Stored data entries
text \<open>
  Kac, Lemma 3.11: with r_s the last letter of a reduced expression, write w = v p with p in the
  subgroup generated by r_i and r_s and v as short as possible. The induction hypothesis applies
  to v, the dihedral case to p.
\<close>
theorem wprod_coroot_in_cone:
  "len (wprod ws) \<le> len (wprod ws \<circ> r i) \<Longrightarrow> wprod ws (\<alpha>v i) \<in> coroot_cone"
proof (induction "len (wprod ws)" arbitrary: ws i rule: less_induct)
  case less
  obtain q where q: "reduced UNIV q" "wprod q = wprod ws" using obtain_reduced[of ws UNIV] by auto
  show ?case
  proof (cases q rule: rev_cases)
    case Nil
    with q show ?thesis by (simp add: \<alpha>v_in_cone)
  next
    case (snoc q' s)
    have len_ws: "len (wprod ws) = Suc (length q')" using q snoc by (simp add: reduced_def)
    have len_q': "len (wprod q') < len (wprod ws)" using wlen_le[of q' UNIV] len_ws by simp
    have ws: "wprod ws = wprod q' \<circ> r s" using q snoc by (simp add: wprod_snoc)
    have "s \<noteq> i"
    proof
      assume "s = i"
      then have "wprod ws \<circ> r i = wprod q'" using ws by (simp add: fun_eq_iff)
      with less.prems len_q' show False by simp
    qed
    obtain vs p where fac: "reduced {i, s} p" "wprod ws = wprod vs \<circ> wprod p"
      "len (wprod vs) + length p \<le> len (wprod ws)" "len (wprod vs) \<le> len (wprod q')"
      "\<And>j. j \<in> {i, s} \<Longrightarrow> len (wprod vs) \<le> len (wprod vs \<circ> r j)"
    proof (rule minimal_factorization[of "[s]" "{i, s}" "wprod ws" q'])
      show "len (wprod q') + wlen {i, s} (wprod [s]) \<le> len (wprod ws)"
        using wlen_le[of "[s]" "{i, s}"] wlen_le[of q' UNIV] len_ws by simp
    qed (simp_all add: ws)
    have IH: "wprod vs (\<alpha>v j) \<in> coroot_cone" if "j \<in> {i, s}" for j
      using less.hyps[of vs j] fac(4,5) that len_q' by simp
    have "length p \<le> wlen {i, s} (wprod p \<circ> r i)"
    proof (rule ccontr)
      assume "\<not> ?thesis"
      then have "wlen {i, s} (wprod (p @ [i])) < length p" by (simp add: wprod_snoc)
      moreover have "wprod ws \<circ> r i = wprod vs \<circ> wprod (p @ [i])"
        using fac(2) by (simp add: wprod_snoc fun_eq_iff)
      then have "len (wprod ws \<circ> r i) \<le> len (wprod vs) + wlen {i, s} (wprod (p @ [i]))"
        using wlen_comp_le[of vs UNIV "p @ [i]" "{i, s}"] fac(1) by (simp add: reduced_def)
      ultimately show False using less.prems fac(3) by linarith
    qed
    then obtain c d where cd: "0 \<le> c" "0 \<le> d" "wprod p (\<alpha>v i) = c *\<^sub>R \<alpha>v i + d *\<^sub>R \<alpha>v s"
      using rank2_positivity[OF \<open>s \<noteq> i\<close>[symmetric] fac(1)] by blast
    have "wprod ws (\<alpha>v i) = c *\<^sub>R wprod vs (\<alpha>v i) + d *\<^sub>R wprod vs (\<alpha>v s)"
      using fac(2) cd(3) linear_wprod[of vs] by (simp add: linear_add linear_scale)
    then show ?thesis using cone_nonneg_comb[OF IH IH cd(1,2)] by simp
  qed
qed

lemma wprod_eq_id_if_fixes_coroots:
  assumes fixed: "\<And>j. wprod ws (\<alpha>v j) = \<alpha>v j"
  shows "wprod ws = id"
proof -
  obtain q where q: "reduced UNIV q" "wprod q = wprod ws" using obtain_reduced[of ws UNIV] by auto
  show ?thesis
  proof (cases q rule: rev_cases)
    case Nil
    with q show ?thesis by simp
  next
    case (snoc q' s)
    have "len (wprod q') \<le> len (wprod q' \<circ> r s)"
      using q snoc wlen_le[of q' UNIV] by (simp add: reduced_def wprod_snoc)
    then have "wprod q' (\<alpha>v s) \<in> coroot_cone" by (rule wprod_coroot_in_cone)
    moreover have "\<alpha>v s = wprod q' (r s (\<alpha>v s))"
      using fixed[of s] q snoc by (metis comp_apply wprod_snoc)
    then have "\<alpha>v s = - wprod q' (\<alpha>v s)"
      using linear_wprod[of q'] by (simp add: r_\<alpha>v_self linear_neg)
    ultimately show ?thesis using neg_\<alpha>v_notin_cone[of s] by (metis minus_minus)
  qed
qed
lemma rank_sub_eq_dim:
  assumes G: "is_gen_matrix k n G" and S: "S \<subseteq> {..<n}" and d: "n - card S < dmin k n G"
  shows "rank_sub k G S = k"
proof (rule ccontr)
  have "finite S" using S finite_subset by blast
  assume "rank_sub k G S \<noteq> k"
  then have "gf2_rank k (gcol G) S < k"
    using gf2_rank_le[OF \<open>finite S\<close>, of k "gcol G"] unfolding rank_sub_def by linarith
  then obtain U where U: "U \<subseteq> {..<k}" "U \<noteq> {}" "\<forall>a\<in>S. even (card {i\<in>U. gcol G a i})"
    using gf2_rank_less_imp_orthogonal[OF \<open>finite S\<close>] by blast
  have "dmin k n G \<le> card {j\<in>{..<n}. codeword G U j}"
    using dmin_le_weight U(1) codeword_nonzero[OF G U(1,2)] by blast
  also have "\<dots> \<le> card ({..<n} - S)"
    using U(3) by (intro card_mono) (auto simp: codeword_def gcol_def)
  also have "\<dots> = n - card S" using S \<open>finite S\<close> by (simp add: card_Diff_subset)
  finally show False using d by simp
qed

lemma rank_aug_eq_dim:
  assumes "rank_sub k G S = k" "finite S" "finite T"
  shows "rank_aug k G S T = k"
proof (rule antisym)
  show "rank_aug k G S T \<le> k" unfolding rank_aug_def using assms(2,3) by (intro gf2_rank_le) auto
  have "gf2_rank k (aug_col G \<circ> Inl) S \<le> gf2_rank k (aug_col G) (Inl ` S \<union> Inr ` T)"
    using assms(2,3) by (intro gf2_rank_image_le) auto
  moreover have "aug_col G \<circ> Inl = gcol G" by (simp add: fun_eq_iff aug_col_def gcol_def)
  ultimately show "k \<le> rank_aug k G S T"
    using assms(1) unfolding rank_sub_def rank_aug_def by simp
qed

THE TASK -
Pick out every line above that contains the word "prems" and copy it.

YOUR SOLUTION -
      with less.prems len_q' show False by simp
      ultimately show False using less.prems fac(3) by linarith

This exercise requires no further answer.